== What this task involves ==
Find every line in the records below that holds the word "noteq", and copy it out.

Records from a data source
lemma perfect_matching_imageI:
  assumes "\<And>x. x \<in> Vs \<Longrightarrow> x \<in> cls x \<and> cls x \<subseteq> Vs \<and> cls x \<in> E"
    and "\<And>x y. x \<in> Vs \<Longrightarrow> y \<in> cls x \<Longrightarrow> cls y = cls x"
  shows "perfect_matching Vs E (cls ` Vs)"
  unfolding perfect_matching_def
proof (intro conjI ballI impI)
  fix e e' assume "e \<in> cls ` Vs" "e' \<in> cls ` Vs" "e \<noteq> e'"
  then obtain x x' where "x \<in> Vs" "x' \<in> Vs" "e = cls x" "e' = cls x'" "cls x \<noteq> cls x'"
    by blast
  then show "e \<inter> e' = {}"
    using assms(2) by blast
next
  show "cls ` Vs \<subseteq> E" "\<Union> (cls ` Vs) = Vs"
    using assms(1) by blast+
qed

lemma inj_on_extends_to_bij_betw:
  assumes "inj_on g S" and "g ` S \<subseteq> B" and "S \<subseteq> A"
    and "finite A" and "finite B" and "card A = card B"
  obtains \<phi> where "bij_betw \<phi> A B" and "\<forall>x\<in>S. \<phi> x = g x"
proof -
  have "card (A - S) = card (B - g ` S)"
    using assms by (simp add: card_Diff_subset card_image finite_subset)
  then obtain h where h: "bij_betw h (A - S) (B - g ` S)"
    using assms(4,5) finite_same_card_bij by blast
  define \<phi> where "\<phi> x = (if x \<in> S then g x else h x)" for x
  have "bij_betw \<phi> S (g ` S)"
    using assms(1) by (simp add: bij_betw_cong[of S \<phi> g] \<phi>_def inj_on_imp_bij_betw)
  moreover have "bij_betw \<phi> (A - S) (B - g ` S)"
    using h by (subst bij_betw_cong[of _ _ h]) (auto simp: \<phi>_def)
  ultimately have "bij_betw \<phi> (S \<union> (A - S)) (g ` S \<union> (B - g ` S))"
    by (rule bij_betw_combine) blast
  moreover have "S \<union> (A - S) = A" "g ` S \<union> (B - g ` S) = B"
    using assms(2,3) by auto
  ultimately show ?thesis
    using that[of \<phi>] by (simp add: \<phi>_def)
qed

lemma card_members_of_doubleton_fibres:
  assumes "finite V" and "\<forall>v\<in>V. card {u\<in>V. f u = f v} \<in> {1, 2}"
  shows "card {v\<in>V. card {u\<in>V. f u = f v} = 2} = 2 * (card V - card (f ` V))"
proof -
  define fibre where "fibre k = {u\<in>V. f u = k}" for k
  define P where "P = {k\<in>f ` V. card (fibre k) = 2}"
  have fin: "finite (fibre k)" for k
    using assms(1) by (simp add: fibre_def)
  have card_UN: "card (\<Union>k\<in>K. fibre k) = (\<Sum>k\<in>K. card (fibre k))" if "finite K" for K
    using that fin by (intro card_UN_disjoint) (auto simp: fibre_def)
  have "V = (\<Union>k\<in>f ` V. fibre k)"
    by (auto simp: fibre_def)
  then have "card V = (\<Sum>k\<in>f ` V. card (fibre k))"
    using assms(1) card_UN by (metis finite_imageI)
  also have "\<dots> = (\<Sum>k\<in>f ` V. 1 + of_bool (k \<in> P))"
    using assms(2) by (intro sum.cong) (auto simp: P_def fibre_def)
  also have "\<dots> = card (f ` V) + card (f ` V \<inter> {k. k \<in> P})"
    using assms(1) by (simp only: sum.distrib sum_of_bool_eq finite_imageI) simp
  also have "f ` V \<inter> {k. k \<in> P} = P"
    by (auto simp: P_def)
  finally have "card P = card V - card (f ` V)"
    by simp
  moreover have "{v\<in>V. card {u\<in>V. f u = f v} = 2} = (\<Union>k\<in>P. fibre k)"
    by (auto simp: P_def fibre_def)
  moreover have "card (\<Union>k\<in>P. fibre k) = 2 * card P"
    using assms(1) by (simp add: card_UN P_def)
  ultimately show ?thesis
    by simp
qed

== Answer ==
  fix e e' assume "e \<in> cls ` Vs" "e' \<in> cls ` Vs" "e \<noteq> e'"
  then obtain x x' where "x \<in> Vs" "x' \<in> Vs" "e = cls x" "e' = cls x'" "cls x \<noteq> cls x'"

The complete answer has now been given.